◆ AVAILABLE DATA

lemma measure_seg_mean_dev_le:
  fixes Y :: "nat \<Rightarrow> 'a \<Rightarrow> real^'d" and G :: "(real^'d) measure"
  assumes P: "prob_space M"
    and ind: "prob_space.indep_vars M (\<lambda>_. borel) Y S" and sub: "{a<..b} \<subseteq> S"
    and rv: "\<forall>i\<in>{a<..b}. Y i \<in> borel_measurable M"
    and dist: "\<forall>i\<in>{a<..b}. distr M borel (Y i) = G"
    and G: "prob_space G" "sets G = sets borel"
    and ab: "a < b"
    and tail: "measure (PiM {..<b-a} (\<lambda>_. G))
                 {z \<in> space (PiM {..<b-a} (\<lambda>_. G)).
                    \<bar>(\<Sum>i<b-a. z i $ d) / real (b-a) - \<mu>\<bar> \<ge> t} \<le> B"
  shows "measure M {\<omega> \<in> space M. t \<le> \<bar>seg_mean (\<lambda>n. Y n \<omega>) a b $ d - \<mu>\<bar>} \<le> B"
proof -
  define I where "I = {..<b-a}"
  define Q where "Q = PiM I (\<lambda>_. G)"
  define \<Phi> where "\<Phi> = (\<lambda>\<omega>. \<lambda>i\<in>I. Y (Suc (a + i)) \<omega>)"
  define T where "T = {z \<in> space Q. \<bar>(\<Sum>i<b-a. z i $ d) / real (b-a) - \<mu>\<bar> \<ge> t}"
  have sets_eq: "sets Q = sets (PiM I (\<lambda>_. borel))"
    unfolding Q_def by (rule sets_PiM_cong) (auto simp: G)
  have \<Phi>_meas: "\<Phi> \<in> measurable M Q"
    unfolding measurable_cong_sets[OF refl sets_eq] \<Phi>_def
    by (rule measurable_restrict) (use rv in \<open>auto simp: I_def\<close>)
  have nth_meas: "(\<lambda>v::real^'d. v $ d) \<in> borel_measurable borel"
    by (intro borel_measurable_continuous_onI linear_continuous_on bounded_linear_vec_nth)
  have "(\<lambda>z :: nat \<Rightarrow> real^'d. z i $ d) \<in> borel_measurable (PiM I (\<lambda>_. borel))" if "i \<in> I" for i
    using measurable_comp[OF measurable_component_singleton[OF that, of "\<lambda>_. borel"] nth_meas] by (simp add: o_def)
  then have "(\<lambda>z. \<bar>(\<Sum>i<b-a. z i $ d) / real (b-a) - \<mu>\<bar>) \<in> borel_measurable Q"
    unfolding measurable_cong_sets[OF sets_eq refl] I_def by measurable
  then have T_meas: "T \<in> sets Q" unfolding T_def by measurable
  have "seg_mean (\<lambda>n. Y n \<omega>) a b $ d = (\<Sum>i<b-a. \<Phi> \<omega> i $ d) / real (b-a)" for \<omega>
  proof -
    have "(\<Sum>n\<in>{a<..b}. Y n \<omega> $ d) = (\<Sum>i<b-a. Y (Suc (a + i)) \<omega> $ d)"
      by (rule sum.reindex_bij_witness[of _ "\<lambda>i. Suc (a + i)" "\<lambda>j. j - Suc a"]) auto
    then show ?thesis by (simp add: seg_mean_def sum_component \<Phi>_def I_def)
  qed
  moreover have "\<Phi> \<omega> \<in> space Q" for \<omega>
    unfolding sets_eq_imp_space_eq[OF sets_eq] by (simp add: space_PiM \<Phi>_def)
  ultimately have "{\<omega> \<in> space M. t \<le> \<bar>seg_mean (\<lambda>n. Y n \<omega>) a b $ d - \<mu>\<bar>} = \<Phi> -` T \<inter> space M"
    unfolding T_def by auto
  then have "measure M {\<omega> \<in> space M. t \<le> \<bar>seg_mean (\<lambda>n. Y n \<omega>) a b $ d - \<mu>\<bar>}
      = measure (distr M Q \<Phi>) T"
    by (simp add: measure_distr[OF \<Phi>_meas T_meas])
  also have "distr M Q \<Phi> = Q"
    using distr_block_PiM[OF P ind sub rv dist G ab] by (simp add: Q_def \<Phi>_def I_def)
  finally show ?thesis using tail by (simp add: T_def Q_def I_def)
qed

lemma exp_neg_penalty_le:
  fixes c0 C D fN :: real
  assumes c0: "c0 > 0" and D: "D > 0" and C: "C > 16 * D / c0"
    and f: "fN \<ge> C * ln (real N)" and N: "N \<ge> 1"
  shows "exp (- (c0 * (fN / (2 * D)))) \<le> 1 / real N ^ 4"
proof -
  have lnN: "ln (real N) \<ge> 0" using N by simp
  have "4 \<le> c0 * C / (2 * D)" using C c0 D by (simp add: field_simps)
  then have "4 * ln (real N) \<le> (c0 * C / (2 * D)) * ln (real N)"
    using lnN by (intro mult_right_mono) auto
  also have "\<dots> = (c0 / (2 * D)) * (C * ln (real N))" by simp
  also have "\<dots> \<le> (c0 / (2 * D)) * fN" using f c0 D by (intro mult_left_mono) auto
  finally have "exp (- (c0 * (fN / (2 * D)))) \<le> exp (- (4 * ln (real N)))" by simp
  also have "\<dots> = 1 / exp (ln (real N ^ 4))"
    using N by (simp add: ln_realpow exp_minus divide_inverse)
  also have "\<dots> = 1 / real N ^ 4" using N by simp
  finally show ?thesis .
qed

lemma (in finite_measure) measure_UN_le_card_mult:
  assumes "finite I" "\<And>i. i \<in> I \<Longrightarrow> A i \<in> sets M" "\<And>i. i \<in> I \<Longrightarrow> measure M (A i) \<le> p"
  shows "measure M (\<Union>i\<in>I. A i) \<le> real (card I) * p"
proof -
  have "measure M (\<Union>i\<in>I. A i) \<le> (\<Sum>i\<in>I. measure M (A i))"
    using assms by (intro measure_UNION_le) auto
  also have "\<dots> \<le> real (card I) * p"
    using sum_bounded_above[of I "\<lambda>i. measure M (A i)" p] assms(3) by simp
  finally show ?thesis .
qed

lemma AE_not_frequently_if_summable_cover:
  assumes P: "prob_space M" and g: "summable g"
    and cover: "\<forall>\<^sub>F N in sequentially. \<exists>B\<in>sets M. measure M B \<le> g N \<and> {\<omega> \<in> space M. Q N \<omega>} \<subseteq> B"
  shows "AE \<omega> in M. \<not> (\<exists>\<^sub>F N in sequentially. Q N \<omega>)"
proof -
  interpret prob_space M by (rule P)
  obtain N0 where N0: "\<And>N. N \<ge> N0 \<Longrightarrow> \<exists>B\<in>sets M. measure M B \<le> g N \<and> {\<omega> \<in> space M. Q N \<omega>} \<subseteq> B"
    using cover by (auto simp: eventually_sequentially)
  define B where "B N = (if N \<ge> N0 then SOME B. B \<in> sets M \<and> measure M B \<le> g N \<and> {\<omega> \<in> space M. Q N \<omega>} \<subseteq> B
                          else {})" for N
  have B: "B N \<in> sets M \<and> measure M (B N) \<le> g N \<and> {\<omega> \<in> space M. Q N \<omega>} \<subseteq> B N" if "N \<ge> N0" for N
    using someI_ex[OF N0[OF that, unfolded Bex_def]] that by (simp add: B_def)
  have B_sets: "B N \<in> sets M" for N
    using B by (cases "N \<ge> N0") (auto simp: B_def)
  have "summable (\<lambda>N. measure M (B N))"
    by (rule summable_comparison_test[OF _ g]) (use B in \<open>auto intro!: exI[of _ N0]\<close>)
  then have "AE \<omega> in M. \<forall>\<^sub>F N in sequentially. \<omega> \<in> space M - B N"
    by (intro borel_cantelli_AE1 B_sets) (simp add: emeasure_finite less_top[symmetric])
  then show ?thesis
  proof (rule AE_mp, intro AE_I2 impI)
    fix \<omega> assume "\<forall>\<^sub>F N in sequentially. \<omega> \<in> space M - B N"
    with eventually_ge_at_top[of N0] have "\<forall>\<^sub>F N in sequentially. \<not> Q N \<omega>"
      by eventually_elim (use B in auto)
    then show "\<not> (\<exists>\<^sub>F N in sequentially. Q N \<omega>)" by (simp add: not_frequently)
  qed
qed

lemma measure_seg_mean_dev_penalty_le:
  fixes X :: "nat \<Rightarrow> 'a \<Rightarrow> real^'d" and G :: "(real^'d) measure"
  assumes P: "prob_space M"
    and indep: "prob_space.indep_vars M (\<lambda>_. borel) X S" and sub: "{a<..b} \<subseteq> S"
    and rv: "\<forall>n\<in>{a<..b}. X n \<in> borel_measurable M"
    and distr: "\<forall>n\<in>{a<..b}. distr M borel (X n) = G"
    and G: "prob_space G" "sets G = sets borel"
    and ab: "a < b"
    and c0: "c0 > 0"
    and subgauss: "\<forall>n\<ge>1. \<forall>t>0.
               measure (PiM {..<n} (\<lambda>_. G))
                 {z \<in> space (PiM {..<n} (\<lambda>_. G)).
                    \<bar>(\<Sum>i<n. z i $ d) / real n - \<mu>\<bar> \<ge> t}
               \<le> 2 * exp (- c0 * t^2 * real n)"
    and C: "C > 16 * real CARD('d) / c0"
    and f: "fN > 0" "fN \<ge> C * ln (real N)" and N: "N \<ge> 1"
  shows "measure M {\<omega> \<in> space M. sqrt (fN / (2 * real CARD('d) * real (b - a)))
           \<le> \<bar>seg_mean (\<lambda>n. X n \<omega>) a b $ d - \<mu>\<bar>} \<le> 2 / real N ^ 4"
proof -
  define D where "D = real CARD('d)"
  define t where "t = sqrt (fN / (2 * D * real (b - a)))"
  have "D > 0" by (simp add: D_def)
  then have t: "t > 0" "c0 * t^2 * real (b - a) = c0 * (fN / (2 * D))"
    unfolding t_def using f ab by (simp_all add: field_simps)
  have "measure M {\<omega> \<in> space M. t \<le> \<bar>seg_mean (\<lambda>n. X n \<omega>) a b $ d - \<mu>\<bar>}
      \<le> 2 * exp (- c0 * t^2 * real (b - a))"
    using subgauss[rule_format, of "b - a" t] t(1) ab
    by (intro measure_seg_mean_dev_le[OF P indep sub rv distr G ab]) simp
  also have "\<dots> \<le> 2 / real N ^ 4"
    using exp_neg_penalty_le[OF c0 _ C[folded D_def] f(2) N] t(2) by (simp add: D_def)
  finally show ?thesis by (simp add: t_def D_def)
qed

◆ PROBLEM REQUIREMENTS
Look above for the line containing "using cover by" and the line containing "M (B N) \<le>". Transcribe both, with the lines between them, exactly.

◆ SOLUTION TO THIS EXERCISE
    using cover by (auto simp: eventually_sequentially)
  define B where "B N = (if N \<ge> N0 then SOME B. B \<in> sets M \<and> measure M B \<le> g N \<and> {\<omega> \<in> space M. Q N \<omega>} \<subseteq> B
                          else {})" for N
  have B: "B N \<in> sets M \<and> measure M (B N) \<le> g N \<and> {\<omega> \<in> space M. Q N \<omega>} \<subseteq> B N" if "N \<ge> N0" for N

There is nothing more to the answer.